§ WHAT THE TASK ASKS:
Repeat the whole listing exactly, leaving nothing out.
<<<<
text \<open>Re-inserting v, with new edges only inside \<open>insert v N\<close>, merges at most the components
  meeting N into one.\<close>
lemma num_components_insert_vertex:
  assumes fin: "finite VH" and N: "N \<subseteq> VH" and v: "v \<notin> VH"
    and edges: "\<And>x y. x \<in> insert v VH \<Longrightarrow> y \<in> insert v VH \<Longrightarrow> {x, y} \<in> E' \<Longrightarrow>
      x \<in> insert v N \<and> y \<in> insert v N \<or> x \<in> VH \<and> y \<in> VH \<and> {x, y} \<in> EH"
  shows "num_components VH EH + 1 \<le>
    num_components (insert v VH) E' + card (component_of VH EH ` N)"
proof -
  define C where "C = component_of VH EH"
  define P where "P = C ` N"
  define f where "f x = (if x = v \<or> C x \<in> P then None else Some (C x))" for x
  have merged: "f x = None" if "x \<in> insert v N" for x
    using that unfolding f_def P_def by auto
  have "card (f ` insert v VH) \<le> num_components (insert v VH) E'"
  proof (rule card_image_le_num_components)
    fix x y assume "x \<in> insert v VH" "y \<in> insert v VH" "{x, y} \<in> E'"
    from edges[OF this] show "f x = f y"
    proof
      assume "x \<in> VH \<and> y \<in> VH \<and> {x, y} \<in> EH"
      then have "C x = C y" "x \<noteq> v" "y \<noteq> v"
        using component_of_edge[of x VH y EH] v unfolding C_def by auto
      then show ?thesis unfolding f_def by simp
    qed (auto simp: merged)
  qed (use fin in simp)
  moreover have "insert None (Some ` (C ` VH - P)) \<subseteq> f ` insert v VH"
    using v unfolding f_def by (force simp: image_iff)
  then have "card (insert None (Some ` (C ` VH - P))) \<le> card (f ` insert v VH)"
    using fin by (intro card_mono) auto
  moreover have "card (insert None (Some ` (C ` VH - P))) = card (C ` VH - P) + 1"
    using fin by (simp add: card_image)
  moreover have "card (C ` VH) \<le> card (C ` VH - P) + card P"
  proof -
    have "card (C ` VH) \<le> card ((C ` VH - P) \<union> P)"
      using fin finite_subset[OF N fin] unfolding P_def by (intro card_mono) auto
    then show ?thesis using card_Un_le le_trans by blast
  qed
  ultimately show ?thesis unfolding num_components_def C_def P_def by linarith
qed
>>>>
§ RESPONSE AREA:
text \<open>Re-inserting v, with new edges only inside \<open>insert v N\<close>, merges at most the components
  meeting N into one.\<close>
lemma num_components_insert_vertex:
  assumes fin: "finite VH" and N: "N \<subseteq> VH" and v: "v \<notin> VH"
    and edges: "\<And>x y. x \<in> insert v VH \<Longrightarrow> y \<in> insert v VH \<Longrightarrow> {x, y} \<in> E' \<Longrightarrow>
      x \<in> insert v N \<and> y \<in> insert v N \<or> x \<in> VH \<and> y \<in> VH \<and> {x, y} \<in> EH"
  shows "num_components VH EH + 1 \<le>
    num_components (insert v VH) E' + card (component_of VH EH ` N)"
proof -
  define C where "C = component_of VH EH"
  define P where "P = C ` N"
  define f where "f x = (if x = v \<or> C x \<in> P then None else Some (C x))" for x
  have merged: "f x = None" if "x \<in> insert v N" for x
    using that unfolding f_def P_def by auto
  have "card (f ` insert v VH) \<le> num_components (insert v VH) E'"
  proof (rule card_image_le_num_components)
    fix x y assume "x \<in> insert v VH" "y \<in> insert v VH" "{x, y} \<in> E'"
    from edges[OF this] show "f x = f y"
    proof
      assume "x \<in> VH \<and> y \<in> VH \<and> {x, y} \<in> EH"
      then have "C x = C y" "x \<noteq> v" "y \<noteq> v"
        using component_of_edge[of x VH y EH] v unfolding C_def by auto
      then show ?thesis unfolding f_def by simp
    qed (auto simp: merged)
  qed (use fin in simp)
  moreover have "insert None (Some ` (C ` VH - P)) \<subseteq> f ` insert v VH"
    using v unfolding f_def by (force simp: image_iff)
  then have "card (insert None (Some ` (C ` VH - P))) \<le> card (f ` insert v VH)"
    using fin by (intro card_mono) auto
  moreover have "card (insert None (Some ` (C ` VH - P))) = card (C ` VH - P) + 1"
    using fin by (simp add: card_image)
  moreover have "card (C ` VH) \<le> card (C ` VH - P) + card P"
  proof -
    have "card (C ` VH) \<le> card ((C ` VH - P) \<union> P)"
      using fin finite_subset[OF N fin] unfolding P_def by (intro card_mono) auto
    then show ?thesis using card_Un_le le_trans by blast
  qed
  ultimately show ?thesis unfolding num_components_def C_def P_def by linarith
qed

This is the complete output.